There has not been any production news on BP’s PTA line, which is still expected to resume by early November. It will not be fully operational at that time, but it should be able to satisfy the requirements of the market. Until then, the imports should get the job done. Full capacity will not likely be reached until 2015.

Overall production costs on the month are expected to be down as much as $0.03/lb. However, official PX settlements have not been heard at this time.

Demand has been average, and buyers can turn to imports from Asia. Current imported material can be delivered at ~$0.70/lb.

PET pricing in Europe is starting to edge lower. Current demand levels are being outpaced by supply, especially with new capacity coming online and the winter offseason approaching. PX settlements so far this month have been flat to down. Recent developments in the energy markets will add even further pressure for reductions.

During the next couple of months, the cost to produce PET in the US will likely see more declines. Based on the potential for even lower PX prices and softer demand, as much as $0.05/lb could come out of the market by the end of the year.

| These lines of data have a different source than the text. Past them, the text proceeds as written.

(* Let $\phi\in\mathrm{QJac}_{k,L}$ be such that $\mathsf T_\lambda\phi = 0$ for all $\lambda\in\mathbb Z^n$. Then for all $\begin{pmatrix}a&b\\c&d\end{pmatrix}\in SL_2(\mathbb Z)$, \[ \phi\left(\frac z{c\tau+d},\frac{a\tau+b}{c\tau+d}\right) = e\left(\frac{c\,z^TLz}{c\tau+d}\right)\sum_{\ell\ge0}\frac1{\ell!}\left(-\frac c{4\pi i}\right)^\ell(c\tau+d)^{k-\ell}\,\mathsf T_q^\ell\phi(z,\tau). \]
   Context: Notation: $e(x) = \exp(2\pi ix)$, $q = e(\tau)$, $\tau\in\mathbb H$, $z\in\mathbb C^n$; $L$ is a rational symmetric $n\times n$ matrix with $2L$ integral with even diagonal. Let $\nu = 1/(8\pi\mathrm{Im}\tau)$ and $\alpha_i = \mathrm{Im}z_i/\mathrm{Im}\tau$. An almost holomorphic weak Jacobi form of weight $k$ and index $L$ is a finite sum $\Phi = \sum_{i,j}\phi_{i,j}(z,\tau)\nu^i\alpha^j$ ($j\in\mathbb Z_{\ge0}^n$), each $\phi_{i,j}$ holomorphic with Fourier expansion $\sum_{m\ge0}\sum_{r\in\mathbb Z^n}c(m,r)q^me(z\cdot r)$ in $|q|<1$, satisfying $\Phi(\frac z{c\tau+d},\frac{a\tau+b}{c\tau+d}) = (c\tau+d)^ke(\frac{cz^TLz}{c\tau+d})\Phi(z,\tau)$ for all $\begin{pmatrix} a&b\\c&d\end{pmatrix}\in SL_2(\mathbb Z)$ and $\Phi(z+\lambda\tau+\mu,\tau) = e(-\lambda^TL\lambda\tau-2\lambda^TLz)\Phi(z,\tau)$ for $\lambda,\mu\in\mathbb Z^n$. A quasi-Jacobi form of weight $k$ and index $L$ is $\phi = \phi_{0,0}$ for such $\Phi$ (unique, the completion); $\mathrm{QJac}_{k,L}$ is their space. Treating $\tau,\nu,z_i,\alpha_i$ as independent variables, $\mathsf T_q\phi$ (resp. $\mathsf T_{\alpha_i}\phi$) is the quasi-Jacobi form with completion $\partial\Phi/\partial\nu$ (resp. $\partial\Phi/\partial\alpha_i$); $\mathsf T_\lambda = \sum_i\lambda_i\mathsf T_{\alpha_i}$. The sum on the right is finite. *)

theory Defs
  imports "HOL-Analysis.Analysis"
begin

definition ee :: "complex \<Rightarrow> complex" where
  "ee x = exp (2 * of_real pi * \<i> * x)"

definition uhp :: "complex set" where
  "uhp = {\<tau>. Im \<tau> > 0}"

definition index_matrix :: "real^'n^'n \<Rightarrow> bool" where
  "index_matrix L \<longleftrightarrow> transpose L = L \<and>
     (\<forall>i j. L$i$j \<in> \<rat>) \<and> (\<forall>i j. 2 * L$i$j \<in> \<int>) \<and> (\<forall>i. L$i$i \<in> \<int>)"

definition bil :: "real^'n^'n \<Rightarrow> complex^'n \<Rightarrow> complex^'n \<Rightarrow> complex" where
  "bil L x y = (\<Sum>i\<in>UNIV. \<Sum>j\<in>UNIV. x$i * of_real (L$i$j) * y$j)"

definition ivec :: "int^'n \<Rightarrow> complex^'n" where
  "ivec v = (\<chi> i. of_int (v$i))"

definition nuf :: "complex \<Rightarrow> real" where
  "nuf \<tau> = 1 / (8 * pi * Im \<tau>)"

definition alphaf :: "complex^'n \<Rightarrow> complex \<Rightarrow> 'n \<Rightarrow> real" where
  "alphaf z \<tau> i = Im (z$i) / Im \<tau>"

text \<open>A family of coefficient functions phi_{i,j}(z,tau), i a natural number, j a multi-index
  in Z_{>=0}^n; this represents the formal expression sum phi_{i,j} nu^i alpha^j.\<close>
type_synonym 'n family = "nat \<Rightarrow> ('n \<Rightarrow> nat) \<Rightarrow> complex^'n \<Rightarrow> complex \<Rightarrow> complex"

definition fsupp :: "'n family \<Rightarrow> (nat \<times> ('n \<Rightarrow> nat)) set" where
  "fsupp \<Phi> = {(i, j). \<exists>z \<tau>. \<tau> \<in> uhp \<and> \<Phi> i j z \<tau> \<noteq> 0}"

definition feval :: "('n::finite) family \<Rightarrow> complex^'n \<Rightarrow> complex \<Rightarrow> complex" where
  "feval \<Phi> z \<tau> = (\<Sum>(i, j)\<in>fsupp \<Phi>. \<Phi> i j z \<tau> * of_real (nuf \<tau>) ^ i *
       (\<Prod>l\<in>UNIV. of_real (alphaf z \<tau> l) ^ j l))"

text \<open>Holomorphic on C^n x H: jointly continuous and holomorphic in each variable separately
  (equivalent to holomorphy by Osgood's lemma).\<close>
definition holo_CnH :: "(complex^'n \<Rightarrow> complex \<Rightarrow> complex) \<Rightarrow> bool" where
  "holo_CnH f \<longleftrightarrow> continuous_on (UNIV \<times> uhp) (\<lambda>(z, \<tau>). f z \<tau>) \<and>
     (\<forall>z. (\<lambda>\<tau>. f z \<tau>) holomorphic_on uhp) \<and>
     (\<forall>z. \<forall>\<tau>\<in>uhp. \<forall>i. (\<lambda>w. f (\<chi> l. if l = i then w else z$l) \<tau>) holomorphic_on UNIV)"

text \<open>Fourier expansion sum_{m>=0} sum_{r in Z^n} c(m,r) q^m e(z.r), q = e(tau),
  converging on H (for holomorphic periodic functions this is absolute convergence).\<close>
definition has_weak_fourier :: "(complex^'n \<Rightarrow> complex \<Rightarrow> complex) \<Rightarrow> bool" where
  "has_weak_fourier f \<longleftrightarrow> (\<exists>c :: nat \<Rightarrow> int^'n \<Rightarrow> complex. \<forall>z. \<forall>\<tau>\<in>uhp.
     ((\<lambda>(m, r). c m r * ee \<tau> ^ m * ee (\<Sum>l\<in>UNIV. z$l * of_int (r$l))) has_sum f z \<tau>) UNIV)"

definition ahwjf :: "int \<Rightarrow> real^'n^'n \<Rightarrow> ('n::finite) family \<Rightarrow> bool" where
  "ahwjf k L \<Phi> \<longleftrightarrow>
     finite (fsupp \<Phi>) \<and>
     (\<forall>i j. holo_CnH (\<Phi> i j) \<and> has_weak_fourier (\<Phi> i j)) \<and>
     (\<forall>a b c d :: int. a * d - b * c = 1 \<longrightarrow> (\<forall>z. \<forall>\<tau>\<in>uhp.
        feval \<Phi> (\<chi> l. z$l / (of_int c * \<tau> + of_int d)) ((of_int a * \<tau> + of_int b) / (of_int c * \<tau> + of_int d))
        = (of_int c * \<tau> + of_int d) powi k * ee (of_int c * bil L z z / (of_int c * \<tau> + of_int d))
          * feval \<Phi> z \<tau>)) \<and>
     (\<forall>v w :: int^'n. \<forall>z. \<forall>\<tau>\<in>uhp.
        feval \<Phi> (\<chi> l. z$l + of_int (v$l) * \<tau> + of_int (w$l)) \<tau>
        = ee (- bil L (ivec v) (ivec v) * \<tau> - 2 * bil L (ivec v) z) * feval \<Phi> z \<tau>)"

RTi PET Outlook and Suggested Action Strategies

30 Days: Imported material and weakening costs for PET producers should move the domestic market lower this month. The amount will depend largely on the PX settlement, which could be in the neighborhood of a $0.04/lb decrease. At this time, as much as $0.03/lb could come off of PET. 60/90 Days: The only thing that looks like it could cause a price increase in the next few months is if BP cannot get their PTA line operational. Assuming it starts smoothly and promptly, PET decreases of as much as $0.05/lb are projected to close out the year.